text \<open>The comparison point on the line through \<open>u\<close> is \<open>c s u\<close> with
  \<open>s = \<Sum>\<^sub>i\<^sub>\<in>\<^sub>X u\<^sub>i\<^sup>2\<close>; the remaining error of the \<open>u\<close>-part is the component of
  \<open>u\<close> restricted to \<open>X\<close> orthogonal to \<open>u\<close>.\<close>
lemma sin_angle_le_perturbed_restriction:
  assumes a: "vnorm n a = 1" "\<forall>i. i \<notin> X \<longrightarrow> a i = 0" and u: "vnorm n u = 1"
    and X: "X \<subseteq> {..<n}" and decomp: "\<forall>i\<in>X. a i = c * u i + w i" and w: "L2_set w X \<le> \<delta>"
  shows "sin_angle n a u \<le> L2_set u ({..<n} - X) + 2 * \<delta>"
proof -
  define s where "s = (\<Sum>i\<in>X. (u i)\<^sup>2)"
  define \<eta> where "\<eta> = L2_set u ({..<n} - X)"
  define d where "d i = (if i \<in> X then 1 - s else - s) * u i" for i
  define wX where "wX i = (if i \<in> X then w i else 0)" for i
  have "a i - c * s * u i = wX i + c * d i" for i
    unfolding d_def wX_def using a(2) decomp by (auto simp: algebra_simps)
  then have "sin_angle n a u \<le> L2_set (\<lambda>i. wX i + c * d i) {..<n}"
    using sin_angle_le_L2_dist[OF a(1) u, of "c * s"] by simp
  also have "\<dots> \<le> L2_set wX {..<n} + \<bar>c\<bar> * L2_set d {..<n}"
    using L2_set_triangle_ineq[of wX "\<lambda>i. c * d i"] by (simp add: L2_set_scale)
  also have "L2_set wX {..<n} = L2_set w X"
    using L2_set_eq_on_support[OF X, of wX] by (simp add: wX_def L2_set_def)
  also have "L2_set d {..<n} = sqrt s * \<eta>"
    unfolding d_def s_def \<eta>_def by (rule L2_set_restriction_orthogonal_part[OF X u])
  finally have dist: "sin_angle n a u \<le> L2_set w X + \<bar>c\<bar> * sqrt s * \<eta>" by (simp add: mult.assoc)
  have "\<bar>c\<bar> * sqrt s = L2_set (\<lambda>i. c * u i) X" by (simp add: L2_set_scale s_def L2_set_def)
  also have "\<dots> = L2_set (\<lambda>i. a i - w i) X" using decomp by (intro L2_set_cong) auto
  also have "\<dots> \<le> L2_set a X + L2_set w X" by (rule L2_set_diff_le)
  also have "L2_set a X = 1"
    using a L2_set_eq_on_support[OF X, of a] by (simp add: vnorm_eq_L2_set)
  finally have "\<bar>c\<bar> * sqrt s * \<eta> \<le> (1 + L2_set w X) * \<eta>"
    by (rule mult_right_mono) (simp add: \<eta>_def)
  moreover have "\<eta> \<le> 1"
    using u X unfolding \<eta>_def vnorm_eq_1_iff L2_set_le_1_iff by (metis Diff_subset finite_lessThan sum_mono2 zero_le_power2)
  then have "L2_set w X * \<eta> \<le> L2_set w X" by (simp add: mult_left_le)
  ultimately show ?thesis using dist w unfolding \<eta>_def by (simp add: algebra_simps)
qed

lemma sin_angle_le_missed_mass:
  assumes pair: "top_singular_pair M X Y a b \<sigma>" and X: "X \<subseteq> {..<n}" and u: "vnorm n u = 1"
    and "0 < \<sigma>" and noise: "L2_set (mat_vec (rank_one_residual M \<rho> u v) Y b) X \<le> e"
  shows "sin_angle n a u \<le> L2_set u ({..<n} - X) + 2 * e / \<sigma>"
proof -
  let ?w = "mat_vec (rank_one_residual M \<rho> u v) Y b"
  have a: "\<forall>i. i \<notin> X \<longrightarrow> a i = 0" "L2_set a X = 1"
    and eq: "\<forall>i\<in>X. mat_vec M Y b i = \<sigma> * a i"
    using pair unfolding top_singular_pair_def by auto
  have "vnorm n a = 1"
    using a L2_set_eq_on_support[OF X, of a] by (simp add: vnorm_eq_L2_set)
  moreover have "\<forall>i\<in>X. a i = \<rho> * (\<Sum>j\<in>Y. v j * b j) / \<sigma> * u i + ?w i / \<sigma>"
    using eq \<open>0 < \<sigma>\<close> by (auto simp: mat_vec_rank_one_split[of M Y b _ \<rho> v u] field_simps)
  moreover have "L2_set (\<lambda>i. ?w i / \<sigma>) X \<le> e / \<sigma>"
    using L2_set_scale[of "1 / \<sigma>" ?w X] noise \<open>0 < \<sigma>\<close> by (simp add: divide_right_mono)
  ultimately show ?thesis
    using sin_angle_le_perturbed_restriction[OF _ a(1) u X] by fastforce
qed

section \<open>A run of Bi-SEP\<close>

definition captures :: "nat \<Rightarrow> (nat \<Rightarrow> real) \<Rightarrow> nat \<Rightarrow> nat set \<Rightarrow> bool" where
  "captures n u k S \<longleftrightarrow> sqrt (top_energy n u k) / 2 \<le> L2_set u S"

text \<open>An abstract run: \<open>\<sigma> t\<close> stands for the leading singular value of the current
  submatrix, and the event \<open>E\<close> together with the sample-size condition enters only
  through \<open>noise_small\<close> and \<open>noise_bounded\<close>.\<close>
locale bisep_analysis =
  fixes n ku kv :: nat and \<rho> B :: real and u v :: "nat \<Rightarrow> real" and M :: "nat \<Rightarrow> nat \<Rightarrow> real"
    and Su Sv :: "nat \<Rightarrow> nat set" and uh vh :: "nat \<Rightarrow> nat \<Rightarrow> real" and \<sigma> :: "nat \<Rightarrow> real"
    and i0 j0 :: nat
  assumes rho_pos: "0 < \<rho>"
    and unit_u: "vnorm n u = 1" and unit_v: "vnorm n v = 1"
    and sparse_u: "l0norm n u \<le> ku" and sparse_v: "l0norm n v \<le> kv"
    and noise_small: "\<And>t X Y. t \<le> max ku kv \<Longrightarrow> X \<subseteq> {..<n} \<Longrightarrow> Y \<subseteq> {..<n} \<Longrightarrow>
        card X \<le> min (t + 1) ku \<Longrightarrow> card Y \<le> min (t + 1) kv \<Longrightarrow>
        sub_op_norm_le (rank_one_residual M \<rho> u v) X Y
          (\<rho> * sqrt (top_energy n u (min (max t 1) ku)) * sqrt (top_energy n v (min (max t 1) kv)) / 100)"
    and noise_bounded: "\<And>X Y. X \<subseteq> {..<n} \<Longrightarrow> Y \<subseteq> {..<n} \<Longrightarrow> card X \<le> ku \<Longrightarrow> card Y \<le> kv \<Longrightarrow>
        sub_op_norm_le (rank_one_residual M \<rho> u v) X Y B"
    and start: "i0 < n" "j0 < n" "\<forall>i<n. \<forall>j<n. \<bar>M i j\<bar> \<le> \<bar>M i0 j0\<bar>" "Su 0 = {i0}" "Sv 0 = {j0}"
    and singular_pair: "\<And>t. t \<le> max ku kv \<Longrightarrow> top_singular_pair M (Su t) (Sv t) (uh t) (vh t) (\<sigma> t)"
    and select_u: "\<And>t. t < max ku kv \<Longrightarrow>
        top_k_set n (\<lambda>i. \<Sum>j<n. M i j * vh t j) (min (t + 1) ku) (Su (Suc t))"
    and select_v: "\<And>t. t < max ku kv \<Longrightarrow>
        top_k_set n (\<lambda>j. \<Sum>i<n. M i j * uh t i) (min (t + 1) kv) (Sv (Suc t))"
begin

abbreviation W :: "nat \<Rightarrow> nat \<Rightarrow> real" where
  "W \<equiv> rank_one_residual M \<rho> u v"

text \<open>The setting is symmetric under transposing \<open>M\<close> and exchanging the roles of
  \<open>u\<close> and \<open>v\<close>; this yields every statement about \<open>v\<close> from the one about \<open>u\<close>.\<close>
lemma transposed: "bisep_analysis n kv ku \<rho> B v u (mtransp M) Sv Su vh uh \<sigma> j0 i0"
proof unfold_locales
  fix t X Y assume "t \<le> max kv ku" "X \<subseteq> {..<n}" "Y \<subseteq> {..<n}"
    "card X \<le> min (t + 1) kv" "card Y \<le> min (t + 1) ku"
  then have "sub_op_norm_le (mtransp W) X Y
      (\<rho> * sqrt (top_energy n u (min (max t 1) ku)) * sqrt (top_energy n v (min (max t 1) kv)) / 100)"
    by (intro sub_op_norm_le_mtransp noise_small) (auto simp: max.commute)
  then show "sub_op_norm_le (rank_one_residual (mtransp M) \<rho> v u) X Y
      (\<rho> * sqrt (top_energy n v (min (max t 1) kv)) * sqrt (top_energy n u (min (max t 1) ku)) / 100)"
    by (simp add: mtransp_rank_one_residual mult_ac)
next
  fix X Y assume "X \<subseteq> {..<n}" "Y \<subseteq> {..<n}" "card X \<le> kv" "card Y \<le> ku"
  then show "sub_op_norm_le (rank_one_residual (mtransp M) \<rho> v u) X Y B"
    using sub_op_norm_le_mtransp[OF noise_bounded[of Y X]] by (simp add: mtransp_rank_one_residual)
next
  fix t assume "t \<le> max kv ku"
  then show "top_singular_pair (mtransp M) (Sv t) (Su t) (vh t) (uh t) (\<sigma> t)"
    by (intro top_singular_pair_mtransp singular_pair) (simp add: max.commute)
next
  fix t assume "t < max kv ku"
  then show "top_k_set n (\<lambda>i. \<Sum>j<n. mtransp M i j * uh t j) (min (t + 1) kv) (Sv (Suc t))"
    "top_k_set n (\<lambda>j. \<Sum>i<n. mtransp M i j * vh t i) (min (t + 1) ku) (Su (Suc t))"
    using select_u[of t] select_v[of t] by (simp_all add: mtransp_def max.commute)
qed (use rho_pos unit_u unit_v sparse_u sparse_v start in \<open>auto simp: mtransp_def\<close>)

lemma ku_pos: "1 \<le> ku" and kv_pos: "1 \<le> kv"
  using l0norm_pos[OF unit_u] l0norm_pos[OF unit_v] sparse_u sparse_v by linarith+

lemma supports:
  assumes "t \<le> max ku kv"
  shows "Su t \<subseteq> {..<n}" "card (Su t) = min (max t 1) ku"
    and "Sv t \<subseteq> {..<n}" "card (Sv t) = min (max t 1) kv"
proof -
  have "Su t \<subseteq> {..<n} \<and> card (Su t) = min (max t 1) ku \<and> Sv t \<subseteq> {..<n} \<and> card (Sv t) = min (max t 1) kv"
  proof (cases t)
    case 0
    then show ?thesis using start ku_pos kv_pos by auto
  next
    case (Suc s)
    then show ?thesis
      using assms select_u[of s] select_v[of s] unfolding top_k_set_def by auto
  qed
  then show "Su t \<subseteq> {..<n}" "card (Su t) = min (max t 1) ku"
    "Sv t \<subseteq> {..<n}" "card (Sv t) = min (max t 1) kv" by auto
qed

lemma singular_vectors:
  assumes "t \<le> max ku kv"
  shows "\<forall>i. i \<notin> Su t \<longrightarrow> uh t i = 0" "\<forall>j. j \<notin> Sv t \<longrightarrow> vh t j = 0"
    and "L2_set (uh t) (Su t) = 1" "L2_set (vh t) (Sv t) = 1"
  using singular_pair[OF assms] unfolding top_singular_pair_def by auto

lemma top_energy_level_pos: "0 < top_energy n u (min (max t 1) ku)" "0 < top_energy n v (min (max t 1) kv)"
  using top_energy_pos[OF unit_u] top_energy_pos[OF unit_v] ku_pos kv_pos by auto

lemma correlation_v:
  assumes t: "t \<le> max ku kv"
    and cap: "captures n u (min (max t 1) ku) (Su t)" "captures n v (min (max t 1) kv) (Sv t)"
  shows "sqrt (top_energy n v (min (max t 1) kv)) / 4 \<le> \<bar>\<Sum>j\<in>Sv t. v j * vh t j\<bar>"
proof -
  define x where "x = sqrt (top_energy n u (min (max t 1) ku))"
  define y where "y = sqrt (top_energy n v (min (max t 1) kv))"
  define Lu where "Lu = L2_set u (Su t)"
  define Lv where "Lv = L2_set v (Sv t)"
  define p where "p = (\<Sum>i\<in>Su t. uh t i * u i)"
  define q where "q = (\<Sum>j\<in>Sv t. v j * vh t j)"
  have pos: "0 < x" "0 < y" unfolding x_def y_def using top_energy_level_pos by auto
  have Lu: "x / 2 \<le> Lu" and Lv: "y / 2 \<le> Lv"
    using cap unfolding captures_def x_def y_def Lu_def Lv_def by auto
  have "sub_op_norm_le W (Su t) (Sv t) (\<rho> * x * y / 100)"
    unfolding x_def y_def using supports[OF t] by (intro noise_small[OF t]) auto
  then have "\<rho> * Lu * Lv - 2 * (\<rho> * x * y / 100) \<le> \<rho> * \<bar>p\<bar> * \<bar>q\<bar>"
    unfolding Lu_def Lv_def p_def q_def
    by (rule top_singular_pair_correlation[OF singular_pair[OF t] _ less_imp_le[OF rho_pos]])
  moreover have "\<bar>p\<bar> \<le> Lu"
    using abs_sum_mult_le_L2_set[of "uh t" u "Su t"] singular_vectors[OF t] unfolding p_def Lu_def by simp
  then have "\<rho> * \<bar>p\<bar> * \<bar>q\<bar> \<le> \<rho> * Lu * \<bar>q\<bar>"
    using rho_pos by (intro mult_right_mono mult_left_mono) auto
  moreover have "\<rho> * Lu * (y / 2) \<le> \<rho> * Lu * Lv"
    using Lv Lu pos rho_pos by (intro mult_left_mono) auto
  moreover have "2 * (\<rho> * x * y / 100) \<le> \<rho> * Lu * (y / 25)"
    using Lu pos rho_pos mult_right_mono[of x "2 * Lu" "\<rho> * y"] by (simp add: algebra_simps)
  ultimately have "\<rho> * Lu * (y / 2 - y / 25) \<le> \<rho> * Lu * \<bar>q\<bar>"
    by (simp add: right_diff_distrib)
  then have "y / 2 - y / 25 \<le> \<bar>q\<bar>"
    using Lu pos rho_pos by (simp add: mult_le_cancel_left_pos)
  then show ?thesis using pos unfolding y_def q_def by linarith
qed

§ §

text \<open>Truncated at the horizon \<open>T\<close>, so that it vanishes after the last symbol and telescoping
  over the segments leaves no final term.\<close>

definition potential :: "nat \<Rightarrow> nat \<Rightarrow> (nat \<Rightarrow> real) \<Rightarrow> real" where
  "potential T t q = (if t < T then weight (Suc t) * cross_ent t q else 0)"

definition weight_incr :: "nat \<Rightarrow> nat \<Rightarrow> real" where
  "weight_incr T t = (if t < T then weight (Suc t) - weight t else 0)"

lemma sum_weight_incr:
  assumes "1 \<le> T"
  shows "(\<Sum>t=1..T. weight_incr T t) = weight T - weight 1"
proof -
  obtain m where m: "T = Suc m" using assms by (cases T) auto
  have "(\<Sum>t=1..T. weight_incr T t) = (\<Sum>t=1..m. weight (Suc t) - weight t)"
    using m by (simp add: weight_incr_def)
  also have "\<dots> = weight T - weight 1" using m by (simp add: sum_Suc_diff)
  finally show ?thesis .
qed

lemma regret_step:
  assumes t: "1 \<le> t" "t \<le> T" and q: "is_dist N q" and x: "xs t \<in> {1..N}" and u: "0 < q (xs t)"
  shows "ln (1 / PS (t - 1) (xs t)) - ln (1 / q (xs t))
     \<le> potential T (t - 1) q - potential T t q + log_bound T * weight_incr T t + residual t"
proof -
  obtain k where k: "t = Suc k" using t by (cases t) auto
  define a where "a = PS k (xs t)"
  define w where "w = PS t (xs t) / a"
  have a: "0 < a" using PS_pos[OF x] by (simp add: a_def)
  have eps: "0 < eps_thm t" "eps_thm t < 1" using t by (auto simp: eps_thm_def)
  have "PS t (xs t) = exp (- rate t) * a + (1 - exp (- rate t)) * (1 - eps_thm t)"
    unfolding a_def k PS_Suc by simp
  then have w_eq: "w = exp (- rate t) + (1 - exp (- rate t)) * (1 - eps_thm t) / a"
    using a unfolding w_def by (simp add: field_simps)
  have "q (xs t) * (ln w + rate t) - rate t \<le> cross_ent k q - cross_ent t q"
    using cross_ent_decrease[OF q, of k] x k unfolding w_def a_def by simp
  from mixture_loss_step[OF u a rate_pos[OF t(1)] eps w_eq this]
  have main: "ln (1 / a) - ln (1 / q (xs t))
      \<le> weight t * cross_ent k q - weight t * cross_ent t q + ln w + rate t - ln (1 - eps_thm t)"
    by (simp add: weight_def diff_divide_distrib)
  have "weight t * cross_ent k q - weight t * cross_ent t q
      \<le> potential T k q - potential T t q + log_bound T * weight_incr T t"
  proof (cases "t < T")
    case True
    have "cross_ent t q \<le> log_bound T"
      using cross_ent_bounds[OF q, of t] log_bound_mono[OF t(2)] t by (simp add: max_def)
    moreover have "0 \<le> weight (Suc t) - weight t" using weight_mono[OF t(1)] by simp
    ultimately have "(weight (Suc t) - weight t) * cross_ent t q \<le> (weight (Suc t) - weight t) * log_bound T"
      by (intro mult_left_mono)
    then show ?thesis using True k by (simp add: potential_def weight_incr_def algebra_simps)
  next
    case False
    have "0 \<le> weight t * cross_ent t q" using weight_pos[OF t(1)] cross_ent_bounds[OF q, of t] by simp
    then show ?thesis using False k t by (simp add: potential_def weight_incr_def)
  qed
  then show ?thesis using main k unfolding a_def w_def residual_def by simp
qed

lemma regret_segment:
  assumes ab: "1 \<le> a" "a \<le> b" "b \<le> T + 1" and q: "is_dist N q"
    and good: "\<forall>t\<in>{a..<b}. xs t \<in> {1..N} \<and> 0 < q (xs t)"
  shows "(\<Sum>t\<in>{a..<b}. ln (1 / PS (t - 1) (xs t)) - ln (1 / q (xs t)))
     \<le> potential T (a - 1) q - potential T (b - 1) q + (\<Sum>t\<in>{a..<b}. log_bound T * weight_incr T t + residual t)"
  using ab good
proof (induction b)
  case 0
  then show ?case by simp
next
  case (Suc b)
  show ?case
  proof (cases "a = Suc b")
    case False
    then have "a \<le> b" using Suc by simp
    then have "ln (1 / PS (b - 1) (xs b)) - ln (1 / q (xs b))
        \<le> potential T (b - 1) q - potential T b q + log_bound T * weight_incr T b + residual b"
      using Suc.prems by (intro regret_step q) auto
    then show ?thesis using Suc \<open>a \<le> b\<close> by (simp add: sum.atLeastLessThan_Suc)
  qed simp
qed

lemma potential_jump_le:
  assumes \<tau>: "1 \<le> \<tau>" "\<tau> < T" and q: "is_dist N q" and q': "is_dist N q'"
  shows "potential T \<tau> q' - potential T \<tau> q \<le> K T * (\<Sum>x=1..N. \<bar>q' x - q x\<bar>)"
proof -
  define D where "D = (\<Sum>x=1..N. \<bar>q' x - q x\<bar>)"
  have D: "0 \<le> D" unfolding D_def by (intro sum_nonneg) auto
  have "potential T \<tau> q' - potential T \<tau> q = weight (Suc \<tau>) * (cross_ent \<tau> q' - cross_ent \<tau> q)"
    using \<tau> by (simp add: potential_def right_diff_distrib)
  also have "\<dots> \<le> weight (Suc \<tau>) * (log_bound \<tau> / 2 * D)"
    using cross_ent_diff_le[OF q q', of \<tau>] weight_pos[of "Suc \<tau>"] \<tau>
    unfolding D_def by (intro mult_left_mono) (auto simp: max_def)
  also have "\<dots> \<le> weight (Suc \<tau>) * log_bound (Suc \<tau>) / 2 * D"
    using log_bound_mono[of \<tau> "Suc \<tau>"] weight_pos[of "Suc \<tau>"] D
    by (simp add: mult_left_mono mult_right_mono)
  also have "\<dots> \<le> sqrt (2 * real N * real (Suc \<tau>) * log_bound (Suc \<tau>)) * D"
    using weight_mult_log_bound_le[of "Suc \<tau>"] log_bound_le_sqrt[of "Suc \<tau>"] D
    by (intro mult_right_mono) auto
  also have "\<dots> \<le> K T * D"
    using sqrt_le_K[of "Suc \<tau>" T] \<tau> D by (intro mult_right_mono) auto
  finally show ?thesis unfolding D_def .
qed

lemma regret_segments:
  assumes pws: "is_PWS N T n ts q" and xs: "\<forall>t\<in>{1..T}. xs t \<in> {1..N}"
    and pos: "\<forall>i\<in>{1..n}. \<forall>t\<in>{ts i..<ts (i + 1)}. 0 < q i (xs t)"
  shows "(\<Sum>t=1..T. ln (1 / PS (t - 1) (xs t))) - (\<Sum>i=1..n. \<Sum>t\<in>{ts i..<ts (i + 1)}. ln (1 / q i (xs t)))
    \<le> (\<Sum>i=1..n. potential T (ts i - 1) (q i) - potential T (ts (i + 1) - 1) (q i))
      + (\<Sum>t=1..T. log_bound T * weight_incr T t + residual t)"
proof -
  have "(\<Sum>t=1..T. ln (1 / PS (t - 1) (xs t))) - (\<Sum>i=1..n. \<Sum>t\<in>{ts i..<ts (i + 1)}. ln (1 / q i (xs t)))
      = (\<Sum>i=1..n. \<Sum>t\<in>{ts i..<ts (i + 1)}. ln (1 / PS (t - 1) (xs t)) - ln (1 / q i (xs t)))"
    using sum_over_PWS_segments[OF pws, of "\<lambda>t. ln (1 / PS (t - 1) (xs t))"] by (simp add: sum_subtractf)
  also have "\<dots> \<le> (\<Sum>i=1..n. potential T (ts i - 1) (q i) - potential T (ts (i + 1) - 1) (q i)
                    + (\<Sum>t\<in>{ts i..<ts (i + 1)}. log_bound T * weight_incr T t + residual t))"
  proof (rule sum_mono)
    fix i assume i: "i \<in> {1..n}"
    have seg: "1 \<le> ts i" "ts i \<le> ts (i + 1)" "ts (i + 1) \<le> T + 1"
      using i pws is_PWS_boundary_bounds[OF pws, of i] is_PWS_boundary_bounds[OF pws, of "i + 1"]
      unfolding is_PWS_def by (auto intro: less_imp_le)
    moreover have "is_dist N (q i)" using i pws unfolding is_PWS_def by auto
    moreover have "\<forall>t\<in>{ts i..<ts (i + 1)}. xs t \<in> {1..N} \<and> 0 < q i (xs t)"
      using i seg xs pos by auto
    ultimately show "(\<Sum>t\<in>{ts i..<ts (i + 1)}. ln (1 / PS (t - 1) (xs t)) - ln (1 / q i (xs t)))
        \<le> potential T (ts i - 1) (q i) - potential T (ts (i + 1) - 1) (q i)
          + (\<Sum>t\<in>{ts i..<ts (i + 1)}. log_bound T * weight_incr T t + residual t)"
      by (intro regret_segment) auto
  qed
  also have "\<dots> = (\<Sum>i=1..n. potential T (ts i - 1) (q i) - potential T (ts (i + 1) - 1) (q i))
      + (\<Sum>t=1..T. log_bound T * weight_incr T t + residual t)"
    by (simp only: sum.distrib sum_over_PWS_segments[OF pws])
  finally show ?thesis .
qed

§ §

» WHAT NEEDS TO BE DONE: Using the records above, restate word for word the lines from the one with "T * (\<Sum>x=1..N." through the one with "by (simp add: mult_left_mono", both included.

» EXERCISE RESULT:
  shows "potential T \<tau> q' - potential T \<tau> q \<le> K T * (\<Sum>x=1..N. \<bar>q' x - q x\<bar>)"
proof -
  define D where "D = (\<Sum>x=1..N. \<bar>q' x - q x\<bar>)"
  have D: "0 \<le> D" unfolding D_def by (intro sum_nonneg) auto
  have "potential T \<tau> q' - potential T \<tau> q = weight (Suc \<tau>) * (cross_ent \<tau> q' - cross_ent \<tau> q)"
    using \<tau> by (simp add: potential_def right_diff_distrib)
  also have "\<dots> \<le> weight (Suc \<tau>) * (log_bound \<tau> / 2 * D)"
    using cross_ent_diff_le[OF q q', of \<tau>] weight_pos[of "Suc \<tau>"] \<tau>
    unfolding D_def by (intro mult_left_mono) (auto simp: max_def)
  also have "\<dots> \<le> weight (Suc \<tau>) * log_bound (Suc \<tau>) / 2 * D"
    using log_bound_mono[of \<tau> "Suc \<tau>"] weight_pos[of "Suc \<tau>"] D
    by (simp add: mult_left_mono mult_right_mono)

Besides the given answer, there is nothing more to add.